Under the hypothesis that the EO system mediates the reversion of neuropathic pain following neurodynamic treatment and an earlier study suggesting that glial cells and neural growth factor may be involved in the analgesia associated with neural mobilization [60], Santos et al. [61] studied behavioral responses and immunochemical indication of EOs following NM in rats with chronic constriction injury (CCI). CCI, as described by Santos et al. [61], is an induced peripheral nerve injury wherein epineural blood flow (to the sciatic, in this case) is occluded, but not arrested, using chromic gut ligatures. Using male Wistar rats subjected to NM two weeks following CCI (experimental group, ) and Western blot assays of the PAG, the authors examined the brains of the rats for μ-, δ-, and κ-opioid receptor expression potentially resulting from the neurodynamic intervention. The NM protocol adopted by the investigators is as follows: rats in the experimental group were anesthetized and placed on their left sides such that the side affected by the CCI (the right) could be manipulated freely; rats in the sham group were just anaesthetized. With the right knee remaining fully extended throughout the session, the investigators flexed the right hip to 70–80° (absolute) until the hamstrings produced a light resistance. At this point, the right ankle was dorsiflexed 30–45° relative to its resting position until a similar resistance (presumably from the gastrocnemius) was detected by the manipulator. Following the establishment of minimal resistance in the manipulated joints, oscillations of the right ankle, wherein the joint was dorsiflexed to 30–45° repeatedly from resting, were initiated.
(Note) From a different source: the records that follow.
theorem lemma3p17:
  fixes G :: "'v diagram" and vi Li :: 'v
  assumes "wf_diagram G"
    and "collapsible G vi Li"
  shows "(\<forall>a\<in>arrows G. \<forall>b\<in>arrows G.
            linkmat G a b =
            lk_comb (collapse G vi Li)
              (if a = Li then (\<lambda>x. if x = vi then of_int (collapse_beta G vi Li) else 0)
               else (\<lambda>x. if x = a then 1 else 0))
              (if b = Li then (\<lambda>x. if x = vi then of_int (collapse_beta G vi Li) else 0)
               else (\<lambda>x. if x = b then 1 else 0)))
       \<and> (condA G \<and> condB G \<and> condC G \<longrightarrow>
            condA (collapse G vi Li) \<and> condB (collapse G vi Li) \<and> condC (collapse G vi Li))"
proof -
  interpret terminal_collapse G vi Li using assms by unfold_locales
  have point_mass: "(if c = Li then (\<lambda>x. if x = vi then of_int \<beta> else 0)
                     else (\<lambda>x. if x = c then 1 else 0))
      = (\<lambda>x. if x = arr' c then of_int (scale c) else 0 :: rat)" for c
    by auto
  have "linkmat G a b = lk_comb G'
      (if a = Li then (\<lambda>x. if x = vi then of_int \<beta> else 0) else (\<lambda>x. if x = a then 1 else 0))
      (if b = Li then (\<lambda>x. if x = vi then of_int \<beta> else 0) else (\<lambda>x. if x = b then 1 else 0))"
    if "a \<in> arrows G" "b \<in> arrows G" for a b
    unfolding point_mass by (rule linkmat_as_lk_comb[OF that])
  then show ?thesis using conditions_collapse by blast
qed

end
lemma compact_achievement_set:
  fixes x :: "nat \<Rightarrow> real"
  assumes "\<And>n. 0 \<le> x n" "summable x"
  shows "compact (achievement_set x)"
  unfolding achievement_set_eq_range
  using compact_continuous_image[OF continuous_on_subseries_sum[OF assms] compact_UNIV_nat_bool_fun] .

lemma achievement_set_islimpt:
  fixes x :: "nat \<Rightarrow> real"
  assumes pos: "\<And>n. 0 < x n" and summable: "summable x" and t: "t \<in> achievement_set x"
  shows "t islimpt achievement_set x"
  unfolding islimpt_approachable_real
proof (intro allI impI)
  fix r :: real
  assume "0 < r"
  obtain \<epsilon> where \<epsilon>: "t = subseries_sum x \<epsilon>"
    using t by (auto simp: achievement_set_eq_range)
  obtain n where n: "x n < r"
    using order_tendstoD(2)[OF summable_LIMSEQ_zero[OF summable] \<open>0 < r\<close>]
    by (auto simp: eventually_sequentially)
  have "subseries_sum x (\<epsilon>(n := \<not> \<epsilon> n)) = t + (if \<epsilon> n then - x n else x n)"
    using subseries_sum_upd_selection[of x, OF less_imp_le[OF pos] summable] \<epsilon> by simp
  moreover have "subseries_sum x (\<epsilon>(n := \<not> \<epsilon> n)) \<in> achievement_set x"
    by (simp add: achievement_set_eq_range)
  ultimately show "\<exists>t'\<in>achievement_set x. t' \<noteq> t \<and> \<bar>t' - t\<bar> < r"
    using n pos[of n] by (intro bexI[of _ "subseries_sum x (\<epsilon>(n := \<not> \<epsilon> n))"]) auto
qed

lemma interior_achievement_set_nonempty:
  fixes x :: "nat \<Rightarrow> real"
  assumes "\<And>n. 0 < x n" "summable x" "\<not> cantor_set (achievement_set x)"
  shows "interior (achievement_set x) \<noteq> {}"
proof -
  have "\<And>n. 0 \<le> x n"
    using assms(1) less_imp_le by blast
  then have "compact (achievement_set x)"
    using compact_achievement_set assms(2) by blast
  moreover have "achievement_set x \<noteq> {}"
    by (simp add: achievement_set_eq_range)
  moreover have "\<forall>t\<in>achievement_set x. t islimpt achievement_set x"
    using achievement_set_islimpt assms(1,2) by blast
  ultimately have "interior (closure (achievement_set x)) \<noteq> {}"
    using assms(3) unfolding cantor_set_def by blast
  then show ?thesis
    using \<open>compact (achievement_set x)\<close> compact_imp_closed closure_closed by metis
qed

lemma interior_Union_translations_empty:
  fixes B :: "'a::real_normed_vector set"
  assumes "finite C" "closed B" "interior B = {}"
  shows "interior (\<Union>c\<in>C. (+) c ` B) = {}"
  using assms(1)
proof (induction C rule: finite_induct)
  case (insert c C)
  have "interior ((+) c ` B \<union> (\<Union>c\<in>C. (+) c ` B)) = interior ((+) c ` B)"
    by (rule interior_closed_Un_empty_interior[OF closed_translation[OF assms(2)] insert.IH])
  then show ?case
    by (simp add: interior_translation assms(3))
qed simp

lemma connected_subset_disjoint_Union_closed:
  assumes "connected S" "S \<noteq> {}" "finite \<C>" "\<And>C. C \<in> \<C> \<Longrightarrow> closed C"
    and "pairwise disjnt \<C>" "S \<subseteq> \<Union>\<C>"
  obtains C where "C \<in> \<C>" "S \<subseteq> C"
proof -
  obtain C where C: "C \<in> \<C>" "S \<inter> C \<noteq> {}"
    using assms(2,6) by blast
  let ?R = "\<Union>(\<C> - {C})"
  have "closed ?R"
    using assms(3,4) by auto
  moreover have "C \<inter> ?R = {}"
    using C(1) assms(5) by (auto simp: pairwise_def disjnt_def)
  moreover have "S \<subseteq> C \<union> ?R"
    using assms(6) by blast
  ultimately have "S \<inter> ?R = {}"
    using connected_closed[THEN iffD1, OF assms(1)] assms(4)[OF C(1)] C(2) by blast
  then show ?thesis
    using that C(1) \<open>S \<subseteq> C \<union> ?R\<close> by blast
qed

lemma suminf_tail_tendsto_zero:
  fixes f :: "nat \<Rightarrow> real"
  assumes "summable f"
  shows "(\<lambda>N. \<Sum>n. f (n + N)) \<longlonglongrightarrow> 0"
proof -
  have "(\<lambda>N. suminf f - (\<Sum>n<N. f n)) \<longlonglongrightarrow> suminf f - suminf f"
    by (intro tendsto_intros summable_LIMSEQ assms)
  then show ?thesis
    using suminf_minus_initial_segment[OF assms] by simp
qed

definition fix_prefix :: "nat \<Rightarrow> nat set \<Rightarrow> (nat \<Rightarrow> bool) \<Rightarrow> nat \<Rightarrow> bool" where
  "fix_prefix N F \<epsilon> n = (if n < N then n \<in> F else \<epsilon> n)"

lemma continuous_on_fix_prefix: "continuous_on UNIV (fix_prefix N F)"
proof (rule continuous_on_coordinatewise_then_product)
  fix n
  show "continuous_on UNIV (\<lambda>\<epsilon>. fix_prefix N F \<epsilon> n)"
    by (cases "n < N") (simp_all add: fix_prefix_def continuous_on_product_coordinates)
qed

lemma subseries_sum_fix_prefix_bounds:
  fixes z :: "nat \<Rightarrow> real"
  assumes nonneg: "\<And>n. 0 \<le> z n" and summable: "summable z" and "F \<subseteq> {..<N}"
  shows "(\<Sum>n\<in>F. z n) \<le> subseries_sum z (fix_prefix N F \<epsilon>)"
    and "subseries_sum z (fix_prefix N F \<epsilon>) \<le> (\<Sum>n\<in>F. z n) + (\<Sum>n. z (n + N))"
proof -
  let ?f = "\<lambda>n. (if fix_prefix N F \<epsilon> n then 1 else 0) * z n"
  have "summable ?f"
    by (rule summable_subseries[OF nonneg summable])
  then have tail_summable: "summable (\<lambda>n. ?f (n + N))"
    by (rule summable_ignore_initial_segment)
  have "(\<Sum>n<N. ?f n) = (\<Sum>n<N. if n \<in> F then z n else 0)"
    by (rule sum.cong) (auto simp: fix_prefix_def)
  also have "\<dots> = (\<Sum>n\<in>F. z n)"
    using \<open>F \<subseteq> {..<N}\<close> by (simp add: sum.inter_restrict[symmetric] Int_absorb1)
  finally have split: "subseries_sum z (fix_prefix N F \<epsilon>) = (\<Sum>n. ?f (n + N)) + (\<Sum>n\<in>F. z n)"
    unfolding subseries_sum_def using suminf_split_initial_segment[OF \<open>summable ?f\<close>, of N] by simp
  have "0 \<le> (\<Sum>n. ?f (n + N))"
    using tail_summable nonneg by (intro suminf_nonneg) auto
  moreover have "(\<Sum>n. ?f (n + N)) \<le> (\<Sum>n. z (n + N))"
    using tail_summable summable_ignore_initial_segment[OF summable] nonneg
    by (intro suminf_le) auto
  ultimately show "(\<Sum>n\<in>F. z n) \<le> subseries_sum z (fix_prefix N F \<epsilon>)"
    and "subseries_sum z (fix_prefix N F \<epsilon>) \<le> (\<Sum>n\<in>F. z n) + (\<Sum>n. z (n + N))"
    using split by linarith+
qed

lemma fix_prefix_eq_if_unique_representation:
  fixes z :: "nat \<Rightarrow> real"
  assumes unique: "inj_on (subseries_sum z) {\<epsilon>. \<forall>n. \<epsilon> n \<longrightarrow> z n \<noteq> 0}"
    and F: "F \<subseteq> {..<N} \<inter> {n. z n \<noteq> 0}" and G: "G \<subseteq> {..<N} \<inter> {n. z n \<noteq> 0}"
    and eq: "subseries_sum z (fix_prefix N F \<epsilon>) = subseries_sum z (fix_prefix N G \<delta>)"
  shows "F = G"
proof -
  define restrict where "restrict \<gamma> n = (\<gamma> n \<and> z n \<noteq> 0)" for \<gamma> :: "nat \<Rightarrow> bool" and n
  have "subseries_sum z (restrict \<gamma>) = subseries_sum z \<gamma>" for \<gamma>
    by (rule subseries_sum_cong) (simp add: restrict_def)
  then have restricted_eq: "restrict (fix_prefix N F \<epsilon>) = restrict (fix_prefix N G \<delta>)"
    using eq by (intro inj_onD[OF unique]) (auto simp: restrict_def)
  have "n \<in> F \<longleftrightarrow> n \<in> G" if "n < N" "z n \<noteq> 0" for n
    using fun_cong[OF restricted_eq, of n] that by (simp add: restrict_def fix_prefix_def)
  then show ?thesis
    using F G by blast
qed

lemma interior_achievement_set_empty_if_unique_representation:
  fixes z :: "nat \<Rightarrow> real"
  assumes nonneg: "\<And>n. 0 \<le> z n" and summable: "summable z"
    and unique: "inj_on (subseries_sum z) {\<epsilon>. \<forall>n. \<epsilon> n \<longrightarrow> z n \<noteq> 0}"
  shows "interior (achievement_set z) = {}"
proof (rule ccontr)
  assume "interior (achievement_set z) \<noteq> {}"
  then obtain t r where "0 < r" and ball: "ball t r \<subseteq> achievement_set z"
    by (meson all_not_in_conv mem_interior)
  moreover have "{t - r/2 .. t + r/2} \<subseteq> ball t r"
    using \<open>0 < r\<close> by (auto simp: dist_real_def)
  ultimately obtain a b where "a < b" and ab: "{a..b} \<subseteq> achievement_set z"
    by (intro that[of "t - r/2" "t + r/2"]) auto
  obtain N where tail: "(\<Sum>n. z (n + N)) < b - a"
    using order_tendstoD(2)[OF suminf_tail_tendsto_zero[OF summable], of "b - a"] \<open>a < b\<close>
    by (auto simp: eventually_sequentially)
  define piece where "piece F = range (\<lambda>\<epsilon>. subseries_sum z (fix_prefix N F \<epsilon>))" for F
  define \<F> where "\<F> = Pow ({..<N} \<inter> {n. z n \<noteq> 0})"
  have closed: "closed C" if "C \<in> piece ` \<F>" for C
  proof -
    have "continuous_on UNIV (\<lambda>\<epsilon>. subseries_sum z (fix_prefix N F \<epsilon>))" for F
      using continuous_on_compose2[OF continuous_on_subseries_sum[OF nonneg summable]
          continuous_on_fix_prefix] by blast
    then show ?thesis
      using that unfolding piece_def
      by (auto intro!: compact_imp_closed compact_continuous_image compact_UNIV_nat_bool_fun)
  qed
  have disjoint: "pairwise disjnt (piece ` \<F>)"
  proof (rule pairwise_imageI)
    fix F G
    assume "F \<in> \<F>" "G \<in> \<F>" "F \<noteq> G"
    then show "disjnt (piece F) (piece G)"
      using fix_prefix_eq_if_unique_representation[OF unique, of F N G]
      unfolding disjnt_def piece_def \<F>_def by blast
  qed
  have cover: "{a..b} \<subseteq> \<Union>(piece ` \<F>)"
  proof
    fix u
    assume "u \<in> {a..b}"
    then obtain \<epsilon> where u: "u = subseries_sum z \<epsilon>"
      using ab by (auto simp: achievement_set_eq_range)
    define F where "F = {n. n < N \<and> \<epsilon> n \<and> z n \<noteq> 0}"
    have "u = subseries_sum z (fix_prefix N F \<epsilon>)"
      unfolding u by (rule subseries_sum_cong) (simp add: F_def fix_prefix_def)
    moreover have "F \<in> \<F>"
      by (auto simp: F_def \<F>_def)
    ultimately show "u \<in> \<Union>(piece ` \<F>)"
      unfolding piece_def by blast
  qed
  have "finite (piece ` \<F>)"
    by (simp add: \<F>_def)
  then obtain C where "C \<in> piece ` \<F>" "{a..b} \<subseteq> C"
    using connected_subset_disjoint_Union_closed[OF connected_Icc _ _ closed disjoint cover] \<open>a < b\<close>
    by auto
  then obtain F where "F \<in> \<F>" "{a..b} \<subseteq> piece F"
    by blast
  then have "a \<in> piece F" "b \<in> piece F"
    using \<open>a < b\<close> by auto
  then obtain \<epsilon> \<delta>
    where "a = subseries_sum z (fix_prefix N F \<epsilon>)" "b = subseries_sum z (fix_prefix N F \<delta>)"
    unfolding piece_def by blast
  moreover have "F \<subseteq> {..<N}"
    using \<open>F \<in> \<F>\<close> by (auto simp: \<F>_def)
  ultimately have "b - a \<le> (\<Sum>n. z (n + N))"
    using subseries_sum_fix_prefix_bounds(1)[OF nonneg summable, of F N \<epsilon>]
      subseries_sum_fix_prefix_bounds(2)[OF nonneg summable, of F N \<delta>] by linarith
  with tail show False
    by simp
qed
The oscillations were carried out every other day for two minutes, each at 20 oscillations/min with 25-second pauses between them. A total of 10 sessions were completed. Apart from the experimental group (CCI + NM), four other groups were considered. These included “naïve” control, CCI only, sham, and sham + NM groups. Researchers did not find changes in δ- or μ-opioid receptor expression following the intervention; however, κ-opioid receptor expression underwent a significant, 17% increase. These data indicate that the analgesic effects reported by those treated with neural mobilization may be mediated by EOs that act on κ-opioid receptors, such as dynorphin A and subtypes thereof.

6. Massage Therapies

Massage therapy is often sought for both pleasure and therapy. It has been proposed to work through the gate control theory of pain [62], initially described by Melzack and Wall [9]. However, Field [62] failed to note that different types of massage therapy may work via different mechanisms and did not dive deeply into possible mechanisms. More specifically, light or touch massages may activate low-threshold Aβ fibers, which inhibit nociceptive input from Aδ and C afferent fibers [9, 10]. Deeper massages, however, may elicit a CPM response due to their pronociceptive nature [35]. Therefore, a more comprehensive review of massage therapy’s mechanisms is warranted.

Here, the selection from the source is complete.